Example: Sally Jones submits a Thumbtack lead. LeadTruffle creates an Inquiry. The AI responds via SMS — that's one Conversation. Your team later sends a follow-up email — that's a second Conversation. Both live under Sally's Thumbtack Inquiry.
How deduplication works
When a new Inquiry comes in, LeadTruffle checks whether a Contact already exists for that person before creating a new one.
Deduplication priority:
- Phone number — matched first
- Email address — matched second if no phone match
If a match is found, the new Inquiry attaches to the existing Contact. If no match is found, a new Contact is created.
The Needs Review badge
The Needs Review badge appears on a Contact when new activity has come in that your team should look at. It does not change the pipeline status — it's a flag, not a status.
Needs Review triggers when:
- A new Inquiry comes in on an existing Contact
- A new submission comes in on a Won or Lost Contact (status also resets to New in this case)
Needs Review clears when any of the following happen:
- A team member updates the Contact's status
- A team member changes the assignee
- A team member clicks Mark Reviewed
What this means for your pipeline
The practical takeaway for your team:
- Work Contacts, not Inquiries. Status, assignee, and notes are all on the Contact. That's where your pipeline lives.

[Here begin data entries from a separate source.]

section \<open>Direct decompositions\<close>

locale direct_decomposition = group G for G (structure) +
  fixes M :: "'a set" and r :: nat and Ms :: "nat \<Rightarrow> 'a set"
  assumes direct_decomp: "direct_decomp G M r Ms"
begin

definition complement :: "nat \<Rightarrow> 'a set" where
  "complement i = generate G (\<Union>j\<in>{0..<r} - {i}. Ms j)"

lemma subgroup_M: "subgroup M G"
  using direct_decomp unfolding direct_decomp_def by blast

lemma M_eq_generate: "M = generate G (\<Union>i<r. Ms i)"
  using direct_decomp unfolding direct_decomp_def by blast

lemma factor_normal: "i < r \<Longrightarrow> Ms i \<lhd> G\<lparr>carrier := M\<rparr>"
  using direct_decomp unfolding direct_decomp_def by blast

lemma factor_inter_complement: "i < r \<Longrightarrow> Ms i \<inter> complement i = {\<one>}"
  using direct_decomp unfolding direct_decomp_def complement_def by blast

lemma subgroup_factor: "i < r \<Longrightarrow> subgroup (Ms i) G"
  using incl_subgroup[OF subgroup_M normal_imp_subgroup[OF factor_normal]] .

lemma factor_subset: "i < r \<Longrightarrow> Ms i \<subseteq> M"
  using subgroup.subset[OF normal_imp_subgroup[OF factor_normal]] by simp

lemma factor_carrier: "i < r \<Longrightarrow> x \<in> Ms i \<Longrightarrow> x \<in> carrier G"
  using subgroup.mem_carrier[OF subgroup_factor] .

lemma factor_conj: "i < r \<Longrightarrow> m \<in> M \<Longrightarrow> x \<in> Ms i \<Longrightarrow> m \<otimes> x \<otimes> inv m \<in> Ms i"
  using conj_mem_of_normal_in_subgroup[OF subgroup_M factor_normal] .

lemma complement_generators_subset: "(\<Union>j\<in>{0..<r} - {i}. Ms j) \<subseteq> M"
  using factor_subset by (intro UN_least) auto

lemma subgroup_complement: "subgroup (complement i) G"
  unfolding complement_def
  by (rule generate_is_subgroup) (use complement_generators_subset subgroup.subset[OF subgroup_M] in blast)

lemma complement_carrier: "x \<in> complement i \<Longrightarrow> x \<in> carrier G"
  using subgroup.mem_carrier[OF subgroup_complement] .

lemma complement_subset: "complement i \<subseteq> M"
  unfolding complement_def
  using generate_subgroup_incl[OF complement_generators_subset subgroup_M] .

lemma factor_subset_complement:
  assumes "j < r" "j \<noteq> i" shows "Ms j \<subseteq> complement i"
proof
  fix x assume "x \<in> Ms j"
  with assms have "x \<in> (\<Union>j\<in>{0..<r} - {i}. Ms j)" by auto
  then show "x \<in> complement i" unfolding complement_def by (rule generate.incl)
qed

lemma complement_conj:
  assumes m: "m \<in> M" and x: "x \<in> complement i"
  shows "m \<otimes> x \<otimes> inv m \<in> complement i"
  unfolding complement_def
proof (rule conj_mem_generate)
  show "m \<in> carrier G" using m subgroup.mem_carrier[OF subgroup_M] by blast
  show "(\<Union>j\<in>{0..<r} - {i}. Ms j) \<subseteq> carrier G"
    using complement_generators_subset subgroup.subset[OF subgroup_M] by blast
  then show "(\<Union>j\<in>{0..<r} - {i}. Ms j) \<subseteq> carrier G" .
  show "x \<in> generate G (\<Union>j\<in>{0..<r} - {i}. Ms j)" using x unfolding complement_def .
  fix a assume "a \<in> (\<Union>j\<in>{0..<r} - {i}. Ms j)"
  then obtain j where j: "j \<in> {0..<r} - {i}" "a \<in> Ms j" by blast
  then have "m \<otimes> a \<otimes> inv m \<in> Ms j" using factor_conj[OF _ m] by simp
  then show "m \<otimes> a \<otimes> inv m \<in> (\<Union>j\<in>{0..<r} - {i}. Ms j)" using j by blast
qed
(* Let $k$ be a positive integer and let $G$ be a $2k$-connected $(P_2\cup kP_1)$-free graph. Let $u,v$ be distinct vertices of $G$ and let $P$ be a longest $(u,v)$-path in $G$. Then every component of $G-V(P)$ consists of a single vertex; equivalently, $V(G)\setminus V(P)$ is an independent set.
   Context: All graphs are finite and simple. For a graph $H$, a graph $G$ is $H$-free if $G$ contains no induced subgraph isomorphic to $H$; $P_2\cup kP_1$ is the disjoint union of an edge and $k$ isolated vertices. A $(u,v)$-path is a path with endpoints $u$ and $v$. *)

theory Defs
  imports Main
begin

definition graph :: "'a set \<Rightarrow> ('a \<Rightarrow> 'a \<Rightarrow> bool) \<Rightarrow> bool" where
  "graph V E \<longleftrightarrow> finite V \<and> (\<forall>x y. E x y \<longrightarrow> x \<in> V \<and> y \<in> V)
     \<and> (\<forall>x y. E x y \<longrightarrow> E y x) \<and> (\<forall>x. \<not> E x x)"

definition path_in :: "'a set \<Rightarrow> ('a \<Rightarrow> 'a \<Rightarrow> bool) \<Rightarrow> 'a list \<Rightarrow> bool" where
  "path_in W E xs \<longleftrightarrow> xs \<noteq> [] \<and> distinct xs \<and> set xs \<subseteq> W
     \<and> (\<forall>i. Suc i < length xs \<longrightarrow> E (xs ! i) (xs ! Suc i))"

definition uv_path :: "'a set \<Rightarrow> ('a \<Rightarrow> 'a \<Rightarrow> bool) \<Rightarrow> 'a \<Rightarrow> 'a \<Rightarrow> 'a list \<Rightarrow> bool" where
  "uv_path V E u v xs \<longleftrightarrow> path_in V E xs \<and> hd xs = u \<and> last xs = v"

definition longest_uv_path :: "'a set \<Rightarrow> ('a \<Rightarrow> 'a \<Rightarrow> bool) \<Rightarrow> 'a \<Rightarrow> 'a \<Rightarrow> 'a list \<Rightarrow> bool" where
  "longest_uv_path V E u v xs \<longleftrightarrow> uv_path V E u v xs
     \<and> (\<forall>ys. uv_path V E u v ys \<longrightarrow> length ys \<le> length xs)"

definition connected_on :: "'a set \<Rightarrow> ('a \<Rightarrow> 'a \<Rightarrow> bool) \<Rightarrow> bool" where
  "connected_on W E \<longleftrightarrow> W \<noteq> {} \<and>
     (\<forall>x\<in>W. \<forall>y\<in>W. \<exists>xs. path_in W E xs \<and> hd xs = x \<and> last xs = y)"

definition k_connected :: "'a set \<Rightarrow> ('a \<Rightarrow> 'a \<Rightarrow> bool) \<Rightarrow> nat \<Rightarrow> bool" where
  "k_connected V E k \<longleftrightarrow> card V > k \<and>
     (\<forall>S. S \<subseteq> V \<and> card S < k \<longrightarrow> connected_on (V - S) E)"

text \<open>(P_2 \<union> kP_1)-free: no induced subgraph consisting of an edge ab plus k further
  vertices that are pairwise nonadjacent and nonadjacent to a and b.\<close>
definition P2_kP1_free :: "'a set \<Rightarrow> ('a \<Rightarrow> 'a \<Rightarrow> bool) \<Rightarrow> nat \<Rightarrow> bool" where
  "P2_kP1_free V E k \<longleftrightarrow> \<not> (\<exists>a b S. a \<in> V \<and> b \<in> V \<and> E a b \<and> S \<subseteq> V - {a, b}
     \<and> card S = k \<and> (\<forall>x\<in>S. \<forall>y\<in>S. \<not> E x y) \<and> (\<forall>x\<in>S. \<not> E x a \<and> \<not> E x b))"

end

theory Submission
  imports Defs
begin

text \<open>Suppose an edge xy avoids a longest (u,v)-path P, and let H be the component of x in G - V(P).
  If two consecutive vertices of P both had neighbours in H, a path through H could be inserted
  between them; if the successors of two attachment vertices were adjacent, P could be rerouted
  through H and back along the reversed segment between them. Either way P would get longer. So
  attachment vertices are never consecutive, and their successors on P are pairwise nonadjacent and
  have no neighbour in H. The attachment vertices separate H from the rest of P, hence there are at
  least 2k of them, and k of their successors together with the edge xy induce P_2 \<union> kP_1.\<close>

fun walk :: "'a set \<Rightarrow> ('a \<Rightarrow> 'a \<Rightarrow> bool) \<Rightarrow> 'a list \<Rightarrow> bool" where
  "walk W E [] = False"
| "walk W E [x] = (x \<in> W)"
| "walk W E (x # y # xs) = (x \<in> W \<and> E x y \<and> walk W E (y # xs))"

lemma walk_iff:
  "walk W E xs \<longleftrightarrow> xs \<noteq> [] \<and> set xs \<subseteq> W \<and> (\<forall>i. Suc i < length xs \<longrightarrow> E (xs ! i) (xs ! Suc i))"
proof (induction W E xs rule: walk.induct)
  case (3 W E x y xs)
  have "(\<forall>i. Suc i < length (x # y # xs) \<longrightarrow> E ((x # y # xs) ! i) ((x # y # xs) ! Suc i))
      \<longleftrightarrow> E x y \<and> (\<forall>i. Suc i < length (y # xs) \<longrightarrow> E ((y # xs) ! i) ((y # xs) ! Suc i))"
    (is "?L \<longleftrightarrow> ?R")
  proof
    assume ?L
    then show ?R by (metis Suc_less_eq length_Cons nth_Cons_0 nth_Cons_Suc zero_less_Suc)
  next
    assume r: ?R
    show ?L
    proof (intro allI impI)
      fix i assume "Suc i < length (x # y # xs)"
      then show "E ((x # y # xs) ! i) ((x # y # xs) ! Suc i)" using r by (cases i) auto
    qed
  qed
  then show ?case using "3.IH" by auto
qed auto

lemma path_in_iff_walk: "path_in W E xs \<longleftrightarrow> walk W E xs \<and> distinct xs"
  unfolding path_in_def walk_iff by auto

lemma walk_not_Nil: "walk W E xs \<Longrightarrow> xs \<noteq> []"
  by (cases xs) auto

lemma walk_append:
  "xs \<noteq> [] \<Longrightarrow> ys \<noteq> [] \<Longrightarrow>
   walk W E (xs @ ys) \<longleftrightarrow> walk W E xs \<and> walk W E ys \<and> E (last xs) (hd ys)"
proof (induction xs)
  case (Cons a xs)
  then show ?case by (cases xs; cases ys) auto
qed simp

lemma walk_append_overlap:
  "walk W E (xs @ y # ys) \<longleftrightarrow> walk W E (xs @ [y]) \<and> walk W E (y # ys)"
proof (induction xs)
  case Nil
  then show ?case by (cases ys) auto
next
  case (Cons a xs)
  then show ?case by (cases xs) auto
qed

lemma walk_rev:
  assumes "symp E" and "walk W E xs"
  shows "walk W E (rev xs)"
  using assms
proof (induction W E xs rule: walk.induct)
  case (3 W E x y xs)
  then have "walk W E (rev (y # xs))" by simp
  moreover have "x \<in> W" "E y x" using "3.prems" by (auto dest: sympD)
  ultimately show ?case
    using walk_append[of "rev (y # xs)" "[x]" W E] by (simp add: last_rev)
qed simp_all

lemma walk_shortcut_to_path:
  "walk W E xs \<Longrightarrow> \<exists>ys. path_in W E ys \<and> hd ys = hd xs \<and> last ys = last xs"
proof (induction "length xs" arbitrary: xs rule: less_induct)
  case less
  show ?case
  proof (cases "distinct xs")
    case True
    then show ?thesis using less.prems by (auto simp: path_in_iff_walk)
  next
    case False
    then obtain as bs cs c where xs: "xs = as @ [c] @ bs @ [c] @ cs"
      using not_distinct_decomp by blast
    have "walk W E (as @ [c])" "walk W E ((c # bs) @ c # cs)"
      using less.prems walk_append_overlap[of W E as c "(bs @ [c]) @ cs"] xs by auto
    then have shortcut: "walk W E (as @ c # cs)"
      using walk_append_overlap by metis
    have "hd (as @ c # cs) = hd xs" "last (as @ c # cs) = last xs"
      using xs by (cases as; simp)+
    moreover have "length (as @ c # cs) < length xs" using xs by simp
    ultimately show ?thesis using less.hyps shortcut by metis
  qed
qed

lemma path_in_append:
  assumes "xs \<noteq> []" and "ys \<noteq> []"
  shows "path_in W E (xs @ ys) \<longleftrightarrow>
    path_in W E xs \<and> path_in W E ys \<and> set xs \<inter> set ys = {} \<and> E (last xs) (hd ys)"
  using walk_append[OF assms] by (auto simp: path_in_iff_walk)

lemma path_in_rev: "symp E \<Longrightarrow> path_in W E xs \<Longrightarrow> path_in W E (rev xs)"
  by (simp add: path_in_iff_walk walk_rev)

lemma path_in_Diff: "path_in (V - X) E xs \<Longrightarrow> path_in V E xs \<and> set xs \<inter> X = {}"
  unfolding path_in_def by blast

lemma list_leaves_set:
  "xs \<noteq> [] \<Longrightarrow> hd xs \<in> A \<Longrightarrow> last xs \<notin> A \<Longrightarrow>
   \<exists>t. Suc t < length xs \<and> xs ! t \<in> A \<and> xs ! Suc t \<notin> A"
proof (induction xs)
  case (Cons a xs)
  show ?case
  proof (cases "xs \<noteq> [] \<and> hd xs \<in> A")
    case True
    then obtain t where "Suc t < length xs" "xs ! t \<in> A" "xs ! Suc t \<notin> A"
      using Cons by auto
    then show ?thesis by (intro exI[of _ "Suc t"]) auto
  next
    case False
    then show ?thesis using Cons by (intro exI[of _ 0]) (cases xs; auto)
  qed
qed simp

lemma path_in_insert:
  assumes "path_in V E (A @ C)" and "path_in V E q" and "set q \<inter> set (A @ C) = {}"
    and "A \<noteq> []" and "C \<noteq> []"
    and "E (last A) (hd q)" and "E (last q) (hd C)"
  shows "path_in V E (A @ q @ C)"
proof -
  have q: "q \<noteq> []" using assms(2) by (simp add: path_in_def)
  have A: "path_in V E A" and C: "path_in V E C" and AC: "set A \<inter> set C = {}"
    using assms(1) unfolding path_in_append[OF assms(4,5)] by auto
  have "path_in V E (q @ C)"
    unfolding path_in_append[OF q assms(5)] using assms(2,3,7) C by auto
  moreover have "q @ C \<noteq> []" using q by simp
  ultimately show ?thesis
    using path_in_append[OF assms(4) \<open>q @ C \<noteq> []\<close>] q A AC assms(3,6) by auto
qed

lemma path_in_reroute:
  assumes "symp E"
    and "path_in V E (A @ B @ C)" and "path_in V E q" and "set q \<inter> set (A @ B @ C) = {}"
    and "A \<noteq> []" and "B \<noteq> []" and "C \<noteq> []"
    and "E (last A) (hd q)" and "E (last q) (last B)" and "E (hd B) (hd C)"
  shows "path_in V E (A @ q @ rev B @ C)"
proof -
  have q: "q \<noteq> []" using assms(3) by (simp add: path_in_def)
  have BC_ne: "B @ C \<noteq> []" using assms(6) by simp
  have A: "path_in V E A" and BC: "path_in V E (B @ C)"
    and A_BC: "set A \<inter> set (B @ C) = {}"
    using assms(2) unfolding path_in_append[OF assms(5) BC_ne] by auto
  have B: "path_in V E B" and C: "path_in V E C" and B_C: "set B \<inter> set C = {}"
    using BC unfolding path_in_append[OF assms(6,7)] by auto
  have "rev B \<noteq> []" using assms(6) by simp
  then have "path_in V E (rev B @ C)"
    unfolding path_in_append[OF \<open>rev B \<noteq> []\<close> assms(7)] using path_in_rev[OF assms(1) B] C B_C assms(6,10)
    by (simp add: last_rev)
  moreover have "rev B @ C \<noteq> []" using assms(7) by simp
  ultimately have "path_in V E (q @ rev B @ C)"
    unfolding path_in_append[OF q \<open>rev B @ C \<noteq> []\<close>] using assms(3,4,6,9) by (auto simp: hd_rev)
  moreover have "q @ rev B @ C \<noteq> []" using q by simp
  ultimately show ?thesis
    unfolding path_in_append[OF assms(5) \<open>q @ rev B @ C \<noteq> []\<close>] using A A_BC q assms(4,8) by auto
qed

definition component :: "'a set \<Rightarrow> ('a \<Rightarrow> 'a \<Rightarrow> bool) \<Rightarrow> 'a \<Rightarrow> 'a set" where
  "component W E x = {z. \<exists>ws. walk W E ws \<and> hd ws = x \<and> last ws = z}"

lemma component_subset: "component W E x \<subseteq> W"
proof
  fix z assume "z \<in> component W E x"
  then obtain ws where "walk W E ws" "last ws = z" unfolding component_def by blast
  then show "z \<in> W" unfolding walk_iff using last_in_set by blast
qed

lemma self_in_component: "x \<in> W \<Longrightarrow> x \<in> component W E x"
  unfolding component_def by (intro CollectI exI[of _ "[x]"]) simp

lemma component_closed:
  assumes "a \<in> component W E x" and "z \<in> W" and "E a z"
  shows "z \<in> component W E x"
proof -
  obtain ws where ws: "walk W E ws" "hd ws = x" "last ws = a"
    using assms(1) unfolding component_def by blast
  moreover have "ws \<noteq> []" using ws(1) by (rule walk_not_Nil)
  ultimately have "walk W E (ws @ [z])" "hd (ws @ [z]) = x"
    using assms walk_append[of ws "[z]" W E] by auto
  then show ?thesis unfolding component_def by fastforce
qed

- Use Inquiries for context. When you open a Contact, the Inquiries tab shows you every time that person has reached out — what they asked for, what the AI collected, and what was said.
- Needs Review is your signal. When it appears, something new happened on that Contact. Check the latest Inquiry to see what came in.
- One person = one Contact. If you see the same person in your pipeline more than once, that's a deduplication issue worth flagging to support.